Родители Анны Александровны, дѣйствительный статскій совѣтникъ Охапкинъ, добросовѣстно тянувшій лямку безъ надежды на видную карьеру, и супруга его, дама не безъ претензій, сперва было заупрямились, въ особенности маменька. Нюточка такая красавица. Она можетъ сдѣлать болѣе блестящую партію. Время еще терпитъ. Хотя они и ничего не имѣли противъ Ордынцева, считая его порядочнымъ человѣкомъ, но находили, что частныя мѣста не прочны. Сегодня густо, а завтра пусто. Положимъ, двѣ тысячи четыреста рублей весьма приличный окладъ для молодого человѣка, но все-таки казенная служба вѣрнѣе. Есть шансы на карьеру и, наконецъ, положеніе…

Нюточка залилась слезами и объявила, что ни за кого другого замужъ не пойдетъ. Добрые родители скоро уступили, тѣмъ болѣе, что, кромѣ „Нюточки“, младшей дочери, у нихъ было еще три невѣсты, сшили приданое и дали три тысячи на „черный день“.

Годъ, другой прошли въ непрерывномъ сумасшедшемъ счастьѣ двухъ влюбленныхъ, полныхъ здоровья и жажды жизни молодыхъ существъ, съ обычными размолвками, оканчивавшимися горячими поцѣлуями примиренія, со сценами ревности и слезами, послѣ которыхъ они, казалось, еще болѣе любили другъ друга. Но чтенія вдвоемъ какъ-то не клеились… „Нюточка“ ихъ не особенно одобряла и, закрывая книгу, звала мужа въ театръ или покататься на тройкѣ. Идиллія была, но совсѣмъ не та, о которой мечталъ Ордынцевъ. Онъ все еще надѣялся на „литературные вечера“ и на „сочувствующую душу“, а Анна Александровна все ждала, что мужъ устроитъ ей жизнь вполнѣ приличную. Она понимала любовь не иначе, какъ съ хорошей обстановкой, нарядами, довольствомъ и баловствомъ любовника-мужа, готоваго для жены на всякія жертвы, а Василій Михайловичъ могъ ей дать лишь скромное существованіе съ заботами довольно прозаическими. Вдобавокъ, онъ подъ-часъ бывалъ раздражителенъ, и у него были правила въ жизни, которыя [451]представлялись теперь молодой женщинѣ „глупостями“ и „упрямствомъ“, несовмѣстимыми съ истинной любовью.

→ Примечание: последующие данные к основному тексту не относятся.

lemma offdiagonal_lpow_sum_eq_Gamma_tilde:
  assumes "2 \<le> N" and A: "0 < (\<Sum>j\<in>{1..N}. lpow M p (f j))"
  shows "(\<Sum>i\<in>{1..N}. \<Sum>j\<in>{1..N} - {i}. lpow M (p / 2) (\<lambda>x. f i x * f j x))
           = real (N - 1) * Gamma_tilde M p N f * (\<Sum>j\<in>{1..N}. lpow M p (f j))"
proof -
  have "(\<Sum>i\<in>{1..N}. \<Sum>j\<in>{1..N} - {i}. lpow M (p / 2) (\<lambda>x. f i x * f j x))
      = 2 * (\<Sum>i\<in>{1..N}. \<Sum>j\<in>{i<..N}. lpow M (p / 2) (\<lambda>x. f i x * f j x))"
    by (subst sum_offdiagonal_symmetric) (simp_all add: mult.commute)
  then show ?thesis
    using assms by (simp add: Gamma_tilde_def real_choose_two of_nat_diff field_simps)
qed

lemma Gamma_tilde_nonneg: "0 \<le> Gamma_tilde M p N f"
  by (simp add: Gamma_tilde_def sum_nonneg lpow_nonneg)

lemma sum_diagonal_weight_lpow_eq_Gamma_tilde:
  assumes "2 \<le> N" and A: "0 < (\<Sum>j\<in>{1..N}. lpow M p (f j))"
  shows "(\<Sum>i\<in>{1..N}. \<Sum>j\<in>{1..N}. diagonal_weight \<theta> N i j powr (2 - p) * lpow M (p / 2) (\<lambda>x. f i x * f j x))
           = \<theta> powr (2 - p) * (\<Sum>j\<in>{1..N}. lpow M p (f j))
             + ((1 - \<theta>) / real (N - 1)) powr (2 - p)
               * (real (N - 1) * Gamma_tilde M p N f * (\<Sum>j\<in>{1..N}. lpow M p (f j)))"
  unfolding diagonal_weight_def sum_pairs_if_diagonal[where h = "\<lambda>c. c powr (2 - p)", OF finite_atLeastAtMost]
    lpow_square offdiagonal_lpow_sum_eq_Gamma_tilde[OF assms] ..

lemma weighted_bound_at_optimum:
  fixes p G n A :: real
  assumes "p \<noteq> 1" "0 < G" "0 < n"
  defines "K \<equiv> 1 + n * G powr (1 / (p - 1))"
  shows "(1 / K) powr (2 - p) * A + ((1 - 1 / K) / n) powr (2 - p) * (n * G * A) = K powr (p - 1) * A"
proof -
  define t where "t = G powr (1 / (p - 1))"
  have t: "0 < t" and G: "G = t powr (p - 1)"
    using assms(1,2) by (simp_all add: t_def powr_powr)
  have K: "0 < K" "K = 1 + n * t"
    using t assms(3) by (simp_all add: K_def t_def add_pos_pos)
  have Kpow: "1 / K powr (2 - p) = K powr (p - 2)"
    by (metis minus_diff_eq powr_minus_divide)
  have inv: "(1 / K) powr (2 - p) = K powr (p - 2)"
    using K(1) by (simp add: powr_divide Kpow)
  have "1 - 1 / K = n * t / K"
    using K by (simp add: field_simps)
  then have "(1 - 1 / K) / n = t / K"
    using assms(3) by simp
  moreover have "t powr (2 - p) * t powr (p - 1) = t"
    using t by (simp add: powr_add[symmetric])
  ultimately have "((1 - 1 / K) / n) powr (2 - p) * G = K powr (p - 2) * t"
    using t K(1) by (simp add: G powr_divide flip: Kpow)
  then have "(1 / K) powr (2 - p) * A + ((1 - 1 / K) / n) powr (2 - p) * (n * G * A)
      = K powr (p - 2) * (1 + n * t) * A"
    by (simp add: inv algebra_simps)
  also have "K powr (p - 2) * (1 + n * t) = K powr (p - 1)"
    using K(1) powr_add[of K "p - 2" 1] by (simp flip: K(2))
  finally show ?thesis .
qed

lemma le_weighted_bound_optimum:
  fixes p G n A Z :: real
  assumes p: "2 < p" and G: "0 \<le> G" and n: "0 < n"
    and bound: "\<And>\<theta>. 0 < \<theta> \<Longrightarrow> \<theta> < 1 \<Longrightarrow>
      Z \<le> \<theta> powr (2 - p) * A + ((1 - \<theta>) / n) powr (2 - p) * (n * G * A)"
  shows "Z \<le> (1 + n * G powr (1 / (p - 1))) powr (p - 1) * A"
proof (cases "G = 0")
  case True
  \<comment> \<open>The optimal weight is then \<open>\<theta> = 1\<close>, which the hypothesis excludes; pass to the limit.\<close>
  have "((\<lambda>\<theta>. \<theta> powr (2 - p) * A) \<longlongrightarrow> 1 powr (2 - p) * A) (at_left 1)"
    by (intro tendsto_intros) auto
  moreover have "\<forall>\<^sub>F \<theta> in at_left 1. Z \<le> \<theta> powr (2 - p) * A"
    using eventually_at_left_real[OF zero_less_one] by (rule eventually_mono) (use bound True in auto)
  ultimately have "Z \<le> 1 powr (2 - p) * A"
    using trivial_limit_at_left_real by (rule tendsto_lowerbound)
  then show ?thesis
    using True by simp
next
  case False
  define K where "K = 1 + n * G powr (1 / (p - 1))"
  have K: "1 < K"
    using False G n by (simp add: K_def)
  have "Z \<le> (1 / K) powr (2 - p) * A + ((1 - 1 / K) / n) powr (2 - p) * (n * G * A)"
    using K by (intro bound) auto
  also have "\<dots> = K powr (p - 1) * A"
    unfolding K_def using p G False n by (intro weighted_bound_at_optimum) auto
  finally show ?thesis
    unfolding K_def .
qed

lemma weighted_bound_optimum_le:
  fixes p G n A Z :: real
  assumes p: "1 < p" and G: "0 \<le> G" and n: "0 < n"
    and bound: "\<And>\<theta>. 0 < \<theta> \<Longrightarrow> \<theta> \<le> 1 \<Longrightarrow>
      \<theta> powr (2 - p) * A + ((1 - \<theta>) / n) powr (2 - p) * (n * G * A) \<le> Z"
  shows "(1 + n * G powr (1 / (p - 1))) powr (p - 1) * A \<le> Z"
proof (cases "G = 0")
  case True
  then show ?thesis
    using bound[of 1] by simp
next
  case False
  define K where "K = 1 + n * G powr (1 / (p - 1))"
  have K: "1 < K"
    using False G n by (simp add: K_def)
  have "K powr (p - 1) * A = (1 / K) powr (2 - p) * A + ((1 - 1 / K) / n) powr (2 - p) * (n * G * A)"
    unfolding K_def using p G False n by (intro weighted_bound_at_optimum[symmetric]) auto
  also have "\<dots> \<le> Z"
    using K by (intro bound) auto
  finally show ?thesis
    unfolding K_def .
qed

lemma lpow_sum_le_Gamma_tilde_bound:
  fixes f :: "nat \<Rightarrow> 'a \<Rightarrow> real"
  assumes N: "2 \<le> N" and p: "2 < p"
    and meas: "\<And>j. j \<in> {1..N} \<Longrightarrow> f j \<in> borel_measurable M"
    and nonneg: "\<And>j x. j \<in> {1..N} \<Longrightarrow> x \<in> space M \<Longrightarrow> 0 \<le> f j x"
    and fin: "\<And>j. j \<in> {1..N} \<Longrightarrow> (\<integral>\<^sup>+x. ennreal (\<bar>f j x\<bar> powr p) \<partial>M) < \<infinity>"
    and A: "0 < (\<Sum>j\<in>{1..N}. lpow M p (f j))"
  shows "lpow M p (\<lambda>x. \<Sum>j\<in>{1..N}. f j x)
           \<le> (1 + real (N - 1) * Gamma_tilde M p N f powr (1 / (p - 1))) powr (p - 1)
               * (\<Sum>j\<in>{1..N}. lpow M p (f j))"
proof (rule le_weighted_bound_optimum[OF p Gamma_tilde_nonneg])
  fix \<theta> :: real assume \<theta>: "0 < \<theta>" "\<theta> < 1"
  show "lpow M p (\<lambda>x. \<Sum>j\<in>{1..N}. f j x)
      \<le> \<theta> powr (2 - p) * (\<Sum>j\<in>{1..N}. lpow M p (f j)) + ((1 - \<theta>) / real (N - 1)) powr (2 - p)
          * (real (N - 1) * Gamma_tilde M p N f * (\<Sum>j\<in>{1..N}. lpow M p (f j)))"
    unfolding sum_diagonal_weight_lpow_eq_Gamma_tilde[OF N A, symmetric]
    using p meas nonneg fin \<theta> N sum_diagonal_weight_sqrt_le[of "{1..N}" \<theta>]
    by (intro lpow_sum_le_weighted_pair_sum diagonal_weight_pos) auto
qed (use N in simp)

lemma Gamma_tilde_bound_le_lpow_sum:
  fixes f :: "nat \<Rightarrow> 'a \<Rightarrow> real"
  assumes N: "2 \<le> N" and p: "1 < p" "p < 2"
    and meas: "\<And>j. j \<in> {1..N} \<Longrightarrow> f j \<in> borel_measurable M"
    and nonneg: "\<And>j x. j \<in> {1..N} \<Longrightarrow> x \<in> space M \<Longrightarrow> 0 \<le> f j x"
    and fin: "\<And>j. j \<in> {1..N} \<Longrightarrow> (\<integral>\<^sup>+x. ennreal (\<bar>f j x\<bar> powr p) \<partial>M) < \<infinity>"
    and A: "0 < (\<Sum>j\<in>{1..N}. lpow M p (f j))"
  shows "(1 + real (N - 1) * Gamma_tilde M p N f powr (1 / (p - 1))) powr (p - 1)
           * (\<Sum>j\<in>{1..N}. lpow M p (f j))
         \<le> lpow M p (\<lambda>x. \<Sum>j\<in>{1..N}. f j x)"
proof (rule weighted_bound_optimum_le[OF p(1) Gamma_tilde_nonneg])
  fix \<theta> :: real assume \<theta>: "0 < \<theta>" "\<theta> \<le> 1"
  show "\<theta> powr (2 - p) * (\<Sum>j\<in>{1..N}. lpow M p (f j)) + ((1 - \<theta>) / real (N - 1)) powr (2 - p)
          * (real (N - 1) * Gamma_tilde M p N f * (\<Sum>j\<in>{1..N}. lpow M p (f j)))
      \<le> lpow M p (\<lambda>x. \<Sum>j\<in>{1..N}. f j x)"
    unfolding sum_diagonal_weight_lpow_eq_Gamma_tilde[OF N A, symmetric]
    using p meas nonneg fin \<theta> N sum_diagonal_weight_sqrt_le[of "{1..N}" \<theta>]
    by (intro weighted_pair_sum_le_lpow_sum diagonal_weight_nonneg) auto
qed (use N in simp)

theorem corollary1p2:
  fixes M :: "'a measure" and N :: nat and f :: "nat \<Rightarrow> 'a \<Rightarrow> real"
  assumes N: "N \<ge> 2"
    and meas: "\<And>j. j \<in> {1..N} \<Longrightarrow> f j \<in> borel_measurable M"
    and nonneg: "\<And>j x. j \<in> {1..N} \<Longrightarrow> x \<in> space M \<Longrightarrow> f j x \<ge> 0"
    and pos: "0 < (\<Sum>j\<in>{1..N}. \<integral>\<^sup>+ x. ennreal (\<bar>f j x\<bar> powr p) \<partial>M)"
    and fin: "(\<Sum>j\<in>{1..N}. \<integral>\<^sup>+ x. ennreal (\<bar>f j x\<bar> powr p) \<partial>M) < \<infinity>"
  shows "(2 < p \<longrightarrow>
            lpow M p (\<lambda>x. \<Sum>j\<in>{1..N}. f j x)
              \<le> (1 + real (N - 1) * Gamma_tilde M p N f powr (1 / (p - 1))) powr (p - 1)
                  * (\<Sum>j\<in>{1..N}. lpow M p (f j)))
       \<and> (1 < p \<and> p < 2 \<longrightarrow>
            lpow M p (\<lambda>x. \<Sum>j\<in>{1..N}. f j x)
              \<ge> (1 + real (N - 1) * Gamma_tilde M p N f powr (1 / (p - 1))) powr (p - 1)
                  * (\<Sum>j\<in>{1..N}. lpow M p (f j)))"
proof -
  have fin_j: "(\<integral>\<^sup>+x. ennreal (\<bar>f j x\<bar> powr p) \<partial>M) < \<infinity>" if "j \<in> {1..N}" for j
    using fin that by (simp add: less_top)
  have "ennreal (\<Sum>j\<in>{1..N}. lpow M p (f j)) = (\<Sum>j\<in>{1..N}. \<integral>\<^sup>+x. ennreal (\<bar>f j x\<bar> powr p) \<partial>M)"
    using fin_j by (rule ennreal_sum_lpow[OF finite_atLeastAtMost])
  with pos have "0 < (\<Sum>j\<in>{1..N}. lpow M p (f j))"
    by (metis ennreal_less_zero_iff)
  then show ?thesis
    using lpow_sum_le_Gamma_tilde_bound[OF N _ meas nonneg fin_j]
      Gamma_tilde_bound_le_lpow_sum[OF N _ _ meas nonneg fin_j] by auto
qed

end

Разница ихъ взглядовъ, вкусовъ и привычекъ, ихь нравственныхъ понятій и требованій отъ жизни обнаружилась скоро. Ордынцевъ возмущался, убѣждалъ, говорилъ горячіе монологи, хотѣлъ перевоспитать жену. Анна Александровна, въ свою очередь, старалась дѣйствовать на мужа обаяніемъ своей красоты, прибѣгая для этого ко всевозможнымъ уловкамъ женской хитрости, дѣйствующимъ на чувственность мужчины. Когда она замѣтила, что это не всегда достигаетъ цѣли, она на упреки мужа отвѣчала слезами и увѣряла, что онъ ея не любитъ. Изъ-за первой же потери мѣста между ними произошло крупное объясненіе, поразившее Ордынцева. Вмѣсто „сочувствующей души“ передъ нимъ обнажилась неделикатная душа очень практической женщины, не желавшей итти съ нимъ рядомъ въ „битвѣ жизни“, какъ онъ надѣялся. Напротивъ! Указывая на крошекъ-дѣтей, Анна Александровна совѣтовала мужу „образумиться“ и жить какъ всѣ „порядочные люди“. Ордынцевъ, взбѣшенный, изливался въ потокахъ негодованія. Анна Александровна отвѣчала презрительною насмѣшкой. Мало-по-малу между ними наступило охлажденіе. Подогрѣваемое страстностью супружескихъ ласкъ, оно вновь сказывалось въ сценахъ, упрекахъ и ссорахъ и въ концѣ-концовъ обратилось въ полное отчужденіе и взаимную ненависть, обострявшуюся съ годами по мѣрѣ того, какъ мужъ терялъ въ глазахъ жены прелесть любовника, а жена являлась въ глазахъ мужа лишь олицетвореніемъ непоправимой ошибки.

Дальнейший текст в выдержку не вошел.